1. A method of etching a substrate, comprising:

forming a mask layer with a preset pattern on a metal silver layer of a substrate;

and introducing etching gas into the etching cavity, and etching the mask layer and the metal silver layer by exciting the etching gas as first plasma to form an etching groove on the metal silver layer, wherein the first plasma comprises at least one of methyl ions and hydrogen ions.

2. The etching method of claim 1, wherein the introducing of the etching gas into the etching chamber, the exciting of the etching gas into the first plasma, and the etching of the mask layer and the metallic silver layer to form the etching trench on the metallic silver layer further comprise:

and introducing bombardment gas into the etching cavity, and exciting the bombardment gas into second plasma for destroying the metal bond of the metal silver layer.

3. The etching method of claim 2, wherein the bombardment gas comprises at least one of argon, helium, and nitrogen.
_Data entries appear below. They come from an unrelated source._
(* Let $n\ge2$ and $1\le k\le n$. Let ${}^1\mathcal M_n^k$ (resp. ${}^n\mathcal M_n^k$) be the set of monotone permutations $\pi\in S_n$ with $\pi(1)=k$ and $\pi(n)=1$ (resp. $\pi(n)=n$). For $\pi\in{}^1\mathcal M_n^k$ define $\tilde\pi\in S_{n-1}$ by $\tilde\pi(i)=\pi(i)-1$, and for $\pi\in{}^n\mathcal M_n^k$ by $\tilde\pi(i)=\pi(i)$, $i=1,\dots,n-1$. Then $\pi\mapsto\tilde\pi$ is a bijection ${}^1\mathcal M_n^k\to\mathcal M_{n-1}^{k-1}$ (resp. ${}^n\mathcal M_n^k\to\mathcal M_{n-1}^{k}$), and $(-1)^{\operatorname{dr}(\tilde\pi)}=(-1)^{\operatorname{dr}(\pi)+n}$ (resp. $(-1)^{\operatorname{dr}(\tilde\pi)}=(-1)^{\operatorname{dr}(\pi)}$).
   Context: A permutation $\pi\in S_n$ is monotone if, for each $i=1,\dots,n$, either $\pi(j)<\pi(i)$ for all $j<i$, or $\pi(j)>\pi(i)$ for all $j<i$; in the second case $i$ is called a drop of $\pi$ ($i=1$ is not a drop). $\mathcal M_n^k$ denotes the set of monotone permutations with $\pi(1)=k$, and $\operatorname{dr}(\pi)$ the sum of all drops of $\pi$. *)

theory Defs
  imports "HOL-Combinatorics.Permutations"
begin

text \<open>Permutations of S_n are functions nat => nat permuting {1..n} (identity elsewhere).\<close>

definition monotone_perm :: "nat \<Rightarrow> (nat \<Rightarrow> nat) \<Rightarrow> bool" where
  "monotone_perm n \<pi> \<longleftrightarrow>
     (\<forall>i\<in>{1..n}. (\<forall>j\<in>{1..<i}. \<pi> j < \<pi> i) \<or> (\<forall>j\<in>{1..<i}. \<pi> j > \<pi> i))"

definition is_drop :: "nat \<Rightarrow> (nat \<Rightarrow> nat) \<Rightarrow> nat \<Rightarrow> bool" where
  "is_drop n \<pi> i \<longleftrightarrow> i \<in> {2..n} \<and> (\<forall>j\<in>{1..<i}. \<pi> j > \<pi> i)"

definition dr :: "nat \<Rightarrow> (nat \<Rightarrow> nat) \<Rightarrow> nat" where
  "dr n \<pi> = (\<Sum>i\<in>{i\<in>{1..n}. is_drop n \<pi> i}. i)"

definition Mon :: "nat \<Rightarrow> nat \<Rightarrow> (nat \<Rightarrow> nat) set" where
  "Mon n k = {\<pi>. \<pi> permutes {1..n} \<and> monotone_perm n \<pi> \<and> \<pi> 1 = k}"

definition Mon_end1 :: "nat \<Rightarrow> nat \<Rightarrow> (nat \<Rightarrow> nat) set" where
  "Mon_end1 n k = {\<pi>\<in>Mon n k. \<pi> n = 1}"

definition Mon_endn :: "nat \<Rightarrow> nat \<Rightarrow> (nat \<Rightarrow> nat) set" where
  "Mon_endn n k = {\<pi>\<in>Mon n k. \<pi> n = n}"

definition tilde1 :: "nat \<Rightarrow> (nat \<Rightarrow> nat) \<Rightarrow> (nat \<Rightarrow> nat)" where
  "tilde1 n \<pi> = (\<lambda>i. if i \<in> {1..n-1} then \<pi> i - 1 else i)"

definition tilden :: "nat \<Rightarrow> (nat \<Rightarrow> nat) \<Rightarrow> (nat \<Rightarrow> nat)" where
  "tilden n \<pi> = (\<lambda>i. if i \<in> {1..n-1} then \<pi> i else i)"

end

theory Submission
  imports Defs
begin

text \<open>Monotonicity and drops only depend on the relative order of the values, and the
  conditions at positions \<open>1..m\<close> never look at position \<open>m + 1\<close>. If \<open>\<pi>\<close> ends in \<open>1\<close>,
  subtracting \<open>1\<close> from the other values keeps their relative order, so monotonicity and all
  drops before \<open>n\<close> survive, while \<open>n\<close> itself is a drop: \<open>dr \<pi> = dr \<pi>\<tilde> + n\<close>. If \<open>\<pi>\<close> ends
  in \<open>n\<close>, then \<open>\<pi>\<tilde> = \<pi>\<close> already permutes \<open>{1..n-1}\<close> and \<open>n\<close> is not a drop.\<close>

lemma finite_inj_on_endo_imp_permutes:
  assumes "finite S" "f ` S \<subseteq> S" "inj_on f S" "\<And>x. x \<notin> S \<Longrightarrow> f x = x"
  shows "f permutes S"
proof (rule bij_imp_permutes)
  show "bij_betw f S S"
    using assms endo_inj_surj[of S f] by (simp add: bij_betw_def)
qed (use assms in auto)

lemma monotone_perm_cong_order:
  assumes "\<And>i j. i \<in> {1..m} \<Longrightarrow> j \<in> {1..m} \<Longrightarrow> \<pi> i < \<pi> j \<longleftrightarrow> \<sigma> i < \<sigma> j"
  shows "monotone_perm m \<pi> \<longleftrightarrow> monotone_perm m \<sigma>"
proof -
  have "j \<in> {1..m}" if "i \<in> {1..m}" "j \<in> {1..<i}" for i j
    using that by auto
  then show ?thesis
    unfolding monotone_perm_def using assms by (metis (no_types, lifting))
qed

lemma is_drop_cong_order:
  assumes "\<And>i j. i \<in> {1..m} \<Longrightarrow> j \<in> {1..m} \<Longrightarrow> \<pi> i < \<pi> j \<longleftrightarrow> \<sigma> i < \<sigma> j"
  shows "is_drop m \<pi> i \<longleftrightarrow> is_drop m \<sigma> i"
proof -
  have "j \<in> {1..m}" if "i \<in> {2..m}" "j \<in> {1..<i}" for j
    using that by auto
  then show ?thesis
    unfolding is_drop_def using assms by (metis (no_types, lifting) atLeastAtMost_iff le_trans one_le_numeral)
qed

lemma dr_cong_order:
  assumes "\<And>i j. i \<in> {1..m} \<Longrightarrow> j \<in> {1..m} \<Longrightarrow> \<pi> i < \<pi> j \<longleftrightarrow> \<sigma> i < \<sigma> j"
  shows "dr m \<pi> = dr m \<sigma>"
  unfolding dr_def using is_drop_cong_order[OF assms] by presburger

lemma monotone_perm_Suc:
  "monotone_perm (Suc m) \<pi> \<longleftrightarrow> monotone_perm m \<pi> \<and>
     ((\<forall>j\<in>{1..m}. \<pi> j < \<pi> (Suc m)) \<or> (\<forall>j\<in>{1..m}. \<pi> (Suc m) < \<pi> j))"
proof -
  have "{1..Suc m} = insert (Suc m) {1..m}" "{1..<Suc m} = {1..m}"
    by auto
  then show ?thesis
    unfolding monotone_perm_def by auto
qed

lemma is_drop_Suc:
  "i \<le> m \<Longrightarrow> is_drop (Suc m) \<pi> i \<longleftrightarrow> is_drop m \<pi> i"
  by (auto simp: is_drop_def)

lemma is_drop_last:
  "is_drop (Suc m) \<pi> (Suc m) \<longleftrightarrow> 1 \<le> m \<and> (\<forall>j\<in>{1..m}. \<pi> (Suc m) < \<pi> j)"
  by (auto simp: is_drop_def)

lemma dr_Suc:
  "dr (Suc m) \<pi> = dr m \<pi> + (if is_drop (Suc m) \<pi> (Suc m) then Suc m else 0)"
proof -
  have drops: "{i\<in>{1..Suc m}. is_drop (Suc m) \<pi> i} =
      (if is_drop (Suc m) \<pi> (Suc m) then insert (Suc m) else id) {i\<in>{1..m}. is_drop m \<pi> i}"
    using is_drop_Suc by (auto simp: le_Suc_eq)
  show ?thesis
    unfolding dr_def drops by simp
qed

definition tilde1_inv :: "nat \<Rightarrow> (nat \<Rightarrow> nat) \<Rightarrow> nat \<Rightarrow> nat" where
  "tilde1_inv n \<sigma> = (\<lambda>i. if i \<in> {1..n-1} then \<sigma> i + 1 else if i = n then 1 else i)"

lemma permutes_last_one_other_values:
  assumes "\<pi> permutes {1..Suc m}" "\<pi> (Suc m) = 1" "i \<in> {1..m}"
  shows "\<pi> i \<in> {2..Suc m}"
proof -
  have "\<pi> i \<noteq> \<pi> (Suc m)"
    using assms(3) by (auto simp: inj_eq[OF permutes_inj[OF assms(1)]])
  then show ?thesis
    using permutes_in_image[OF assms(1), of i] assms(2,3) by auto
qed

lemma tilde1_less_iff:
  assumes "\<pi> permutes {1..Suc m}" "i \<in> {1..m}" "j \<in> {1..m}"
  shows "tilde1 (Suc m) \<pi> i < tilde1 (Suc m) \<pi> j \<longleftrightarrow> \<pi> i < \<pi> j"
proof -
  have "1 \<le> \<pi> i" "1 \<le> \<pi> j"
    using permutes_in_image[OF assms(1), of i] permutes_in_image[OF assms(1), of j] assms(2,3)
    by auto
  then show ?thesis
    using assms(2,3) by (simp add: tilde1_def less_diff_iff)
qed

lemma tilde1_permutes:
  assumes "\<pi> permutes {1..Suc m}" "\<pi> (Suc m) = 1"
  shows "tilde1 (Suc m) \<pi> permutes {1..m}"
proof (rule finite_inj_on_endo_imp_permutes)
  show "tilde1 (Suc m) \<pi> ` {1..m} \<subseteq> {1..m}"
    using permutes_last_one_other_values[OF assms] by (force simp: tilde1_def)
  show "inj_on (tilde1 (Suc m) \<pi>) {1..m}"
  proof (rule inj_onI)
    fix i j assume "i \<in> {1..m}" "j \<in> {1..m}" "tilde1 (Suc m) \<pi> i = tilde1 (Suc m) \<pi> j"
    then have "\<pi> i = \<pi> j"
      using permutes_last_one_other_values[OF assms, of i] permutes_last_one_other_values[OF assms, of j]
      by (auto simp: tilde1_def)
    then show "i = j"
      using permutes_inj[OF assms(1)] by (auto dest: injD)
  qed
qed (auto simp: tilde1_def)

lemma tilde1_inv_permutes:
  assumes "\<sigma> permutes {1..m}"
  shows "tilde1_inv (Suc m) \<sigma> permutes {1..Suc m}"
proof (rule finite_inj_on_endo_imp_permutes)
  show "tilde1_inv (Suc m) \<sigma> ` {1..Suc m} \<subseteq> {1..Suc m}"
  proof (rule image_subsetI)
    fix i assume "i \<in> {1..Suc m}"
    then show "tilde1_inv (Suc m) \<sigma> i \<in> {1..Suc m}"
      using permutes_in_image[OF assms, of i] by (auto simp: tilde1_inv_def)
  qed
  have "tilde1_inv (Suc m) \<sigma> i \<noteq> tilde1_inv (Suc m) \<sigma> (Suc m)" if "i \<in> {1..m}" for i
    using that permutes_in_image[OF assms, of i] by (simp add: tilde1_inv_def)
  moreover have "tilde1_inv (Suc m) \<sigma> i = tilde1_inv (Suc m) \<sigma> j \<longleftrightarrow> i = j"
    if "i \<in> {1..m}" "j \<in> {1..m}" for i j
    using that by (simp add: tilde1_inv_def inj_eq[OF permutes_inj[OF assms]])
  ultimately show "inj_on (tilde1_inv (Suc m) \<sigma>) {1..Suc m}"
    unfolding inj_on_def by (metis atLeastAtMost_iff le_Suc_eq)
qed (auto simp: tilde1_inv_def)

lemma tilde1_tilde1_inv:
  assumes "\<sigma> permutes {1..m}"
  shows "tilde1 (Suc m) (tilde1_inv (Suc m) \<sigma>) = \<sigma>"
  using permutes_not_in[OF assms] by (auto simp: fun_eq_iff tilde1_def tilde1_inv_def)

lemma tilde1_inv_tilde1:
  assumes "\<pi> permutes {1..Suc m}" "\<pi> (Suc m) = 1"
  shows "tilde1_inv (Suc m) (tilde1 (Suc m) \<pi>) = \<pi>"
proof
  fix i show "tilde1_inv (Suc m) (tilde1 (Suc m) \<pi>) i = \<pi> i"
    using assms(2) permutes_not_in[OF assms(1), of i] permutes_last_one_other_values[OF assms, of i]
    by (cases "i = Suc m") (auto simp: tilde1_def tilde1_inv_def)
qed

lemma tilde1_mem_Mon:
  assumes "\<pi> \<in> Mon_end1 (Suc m) k" "1 \<le> m"
  shows "tilde1 (Suc m) \<pi> \<in> Mon m (k - 1)"
proof -
  have \<pi>: "\<pi> permutes {1..Suc m}" "\<pi> (Suc m) = 1" "monotone_perm (Suc m) \<pi>" "\<pi> 1 = k"
    using assms(1) by (auto simp: Mon_end1_def Mon_def)
  have "monotone_perm m (tilde1 (Suc m) \<pi>)"
    using \<pi>(3) monotone_perm_cong_order[of m "tilde1 (Suc m) \<pi>" \<pi>] tilde1_less_iff[OF \<pi>(1)]
    by (simp add: monotone_perm_Suc)
  moreover have "tilde1 (Suc m) \<pi> 1 = k - 1"
    using \<pi>(4) assms(2) by (simp add: tilde1_def)
  ultimately show ?thesis
    using tilde1_permutes[OF \<pi>(1,2)] by (simp add: Mon_def)
qed

lemma tilde1_inv_mem_Mon_end1:
  assumes "\<sigma> \<in> Mon m (k - 1)" "1 \<le> m" "1 \<le> k"
  shows "tilde1_inv (Suc m) \<sigma> \<in> Mon_end1 (Suc m) k"
proof -
  let ?\<pi> = "tilde1_inv (Suc m) \<sigma>"
  have \<sigma>: "\<sigma> permutes {1..m}" "monotone_perm m \<sigma>" "\<sigma> 1 = k - 1"
    using assms(1) by (auto simp: Mon_def)
  have "?\<pi> i < ?\<pi> j \<longleftrightarrow> \<sigma> i < \<sigma> j" if "i \<in> {1..m}" "j \<in> {1..m}" for i j
    using that by (simp add: tilde1_inv_def)
  then have "monotone_perm m ?\<pi>"
    using \<sigma>(2) monotone_perm_cong_order by blast
  moreover have "?\<pi> (Suc m) < ?\<pi> j" if "j \<in> {1..m}" for j
    using that permutes_in_image[OF \<sigma>(1), of j] by (simp add: tilde1_inv_def)
  ultimately have "monotone_perm (Suc m) ?\<pi>"
    by (simp add: monotone_perm_Suc)
  moreover have "?\<pi> 1 = k" "?\<pi> (Suc m) = 1"
    using \<sigma>(3) assms(2,3) by (simp_all add: tilde1_inv_def)
  ultimately show ?thesis
    using tilde1_inv_permutes[OF \<sigma>(1)] by (simp add: Mon_end1_def Mon_def)
qed

lemma bij_betw_tilde1:
  assumes "1 \<le> m" "1 \<le> k"
  shows "bij_betw (tilde1 (Suc m)) (Mon_end1 (Suc m) k) (Mon m (k - 1))"
proof (rule bij_betw_byWitness[where f' = "tilde1_inv (Suc m)"])
  show "\<forall>\<pi>\<in>Mon_end1 (Suc m) k. tilde1_inv (Suc m) (tilde1 (Suc m) \<pi>) = \<pi>"
    by (simp add: Mon_end1_def Mon_def tilde1_inv_tilde1)
  show "\<forall>\<sigma>\<in>Mon m (k - 1). tilde1 (Suc m) (tilde1_inv (Suc m) \<sigma>) = \<sigma>"
    by (simp add: Mon_def tilde1_tilde1_inv)
  show "tilde1 (Suc m) ` Mon_end1 (Suc m) k \<subseteq> Mon m (k - 1)"
    using tilde1_mem_Mon assms(1) by blast
  show "tilde1_inv (Suc m) ` Mon m (k - 1) \<subseteq> Mon_end1 (Suc m) k"
    using tilde1_inv_mem_Mon_end1 assms by blast
qed

lemma dr_tilde1:
  assumes "\<pi> \<in> Mon_end1 (Suc m) k" "1 \<le> m"
  shows "dr (Suc m) \<pi> = dr m (tilde1 (Suc m) \<pi>) + Suc m"
proof -
  have \<pi>: "\<pi> permutes {1..Suc m}" "\<pi> (Suc m) = 1"
    using assms(1) by (auto simp: Mon_end1_def Mon_def)
  have "is_drop (Suc m) \<pi> (Suc m)"
    using permutes_last_one_other_values[OF \<pi>] \<pi>(2) assms(2) by (force simp: is_drop_last)
  moreover have "dr m \<pi> = dr m (tilde1 (Suc m) \<pi>)"
    using dr_cong_order tilde1_less_iff[OF \<pi>(1)] by metis
  ultimately show ?thesis
    by (simp add: dr_Suc)
qed

lemma tilden_eq_self:
  assumes "\<pi> permutes {1..Suc m}" "\<pi> (Suc m) = Suc m"
  shows "tilden (Suc m) \<pi> = \<pi>"
proof
  fix i show "tilden (Suc m) \<pi> i = \<pi> i"
    using assms(2) permutes_not_in[OF assms(1), of i] by (cases "i = Suc m") (auto simp: tilden_def)
qed

lemma dr_Suc_fixed_last:
  assumes "\<pi> permutes {1..Suc m}" "\<pi> (Suc m) = Suc m"
  shows "dr (Suc m) \<pi> = dr m \<pi>"
proof -
  have "\<pi> 1 \<le> Suc m"
    using permutes_in_image[OF assms(1), of 1] by simp
  then have "\<not> is_drop (Suc m) \<pi> (Suc m)"
    using assms(2) by (auto simp: is_drop_last intro!: bexI[of _ 1])
  then show ?thesis
    by (simp add: dr_Suc)
qed

lemma Mon_endn_Suc_eq_Mon: "Mon_endn (Suc m) k = Mon m k"
proof (intro set_eqI iffI)
  fix \<pi> assume "\<pi> \<in> Mon_endn (Suc m) k"
  then have \<pi>: "\<pi> permutes {1..Suc m}" "\<pi> (Suc m) = Suc m" "monotone_perm (Suc m) \<pi>" "\<pi> 1 = k"
    by (auto simp: Mon_endn_def Mon_def)
  have "\<pi> permutes {1..m}"
    by (rule permutes_superset[OF \<pi>(1)]) (use \<pi>(2) le_Suc_eq in auto)
  with \<pi>(3,4) show "\<pi> \<in> Mon m k"
    by (simp add: Mon_def monotone_perm_Suc)
next
  fix \<sigma> assume "\<sigma> \<in> Mon m k"
  then have \<sigma>: "\<sigma> permutes {1..m}" "monotone_perm m \<sigma>" "\<sigma> 1 = k"
    by (auto simp: Mon_def)
  have last: "\<sigma> (Suc m) = Suc m"
    using permutes_not_in[OF \<sigma>(1)] by simp
  have "\<sigma> j < \<sigma> (Suc m)" if "j \<in> {1..m}" for j
    using permutes_in_image[OF \<sigma>(1), of j] that last by simp
  then have "monotone_perm (Suc m) \<sigma>"
    using \<sigma>(2) by (simp add: monotone_perm_Suc)
  moreover have "\<sigma> permutes {1..Suc m}"
    using \<sigma>(1) by (rule permutes_subset) auto
  ultimately show "\<sigma> \<in> Mon_endn (Suc m) k"
    using \<sigma>(3) last by (simp add: Mon_endn_def Mon_def)
qed

lemma bij_betw_tilden: "bij_betw (tilden (Suc m)) (Mon_endn (Suc m) k) (Mon m k)"
proof -
  have "tilden (Suc m) \<pi> = id \<pi>" if "\<pi> \<in> Mon_endn (Suc m) k" for \<pi>
    using that tilden_eq_self by (simp add: Mon_endn_def Mon_def)
  moreover have "bij_betw id (Mon_endn (Suc m) k) (Mon m k)"
    by (simp add: Mon_endn_Suc_eq_Mon)
  ultimately show ?thesis
    using bij_betw_cong by blast
qed

theorem lemma2p8:
  fixes n k :: nat
  assumes "2 \<le> n" and "1 \<le> k" and "k \<le> n"
  shows "bij_betw (tilde1 n) (Mon_end1 n k) (Mon (n-1) (k-1))
       \<and> (\<forall>\<pi>\<in>Mon_end1 n k. (-1::int) ^ dr (n-1) (tilde1 n \<pi>) = (-1) ^ (dr n \<pi> + n))
       \<and> bij_betw (tilden n) (Mon_endn n k) (Mon (n-1) k)
       \<and> (\<forall>\<pi>\<in>Mon_endn n k. (-1::int) ^ dr (n-1) (tilden n \<pi>) = (-1) ^ dr n \<pi>)"
proof -
  obtain m where n: "n = Suc m" and m: "1 \<le> m"
    using assms(1) by (cases n) auto
  have "(-1::int) ^ dr m (tilde1 n \<pi>) = (-1) ^ (dr n \<pi> + n)" if "\<pi> \<in> Mon_end1 n k" for \<pi>
  proof -
    have "dr n \<pi> + n = dr m (tilde1 n \<pi>) + 2 * n"
      using dr_tilde1[OF _ m] that n by simp
    then show ?thesis
      by (simp add: power_add power_mult)
  qed
  moreover have "dr m (tilden n \<pi>) = dr n \<pi>" if "\<pi> \<in> Mon_endn n k" for \<pi>
    using that n tilden_eq_self dr_Suc_fixed_last by (simp add: Mon_endn_def Mon_def)
  ultimately show ?thesis
    using bij_betw_tilde1[OF m assms(2)] bij_betw_tilden n by simp
qed

end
4. The etching method according to claim 1, wherein the first plasma further comprises at least one of argon ions, helium ions, and nitrogen ions.

5. The etching method according to any one of claims 1 to 4, wherein when the mask layer and the metallic silver layer are etched in the etching chamber, the frequencies of the upper RF power supply and the lower RF power supply are both 13.56MHz, the power of the upper RF power supply is 600-1500W, the power of the lower RF power supply is 100-500W, the process pressure is 3-20 mT, the temperature is 20-50 ℃, and the current ratio is 0.2-0.8.

6. The etching method according to any one of claims 1 to 4, wherein the mask layer comprises a photoresist mask layer and an antireflective mask layer, and the forming of the mask layer with the predetermined pattern on the metallic silver layer of the substrate comprises:

covering the substrate with a metal silver layer;

covering an anti-reflection mask layer on the metal silver layer;

covering a photoresist mask layer on the anti-reflection mask layer;

and exposing the photoresist mask layer and the anti-reflection mask layer to form a mask layer with a preset pattern.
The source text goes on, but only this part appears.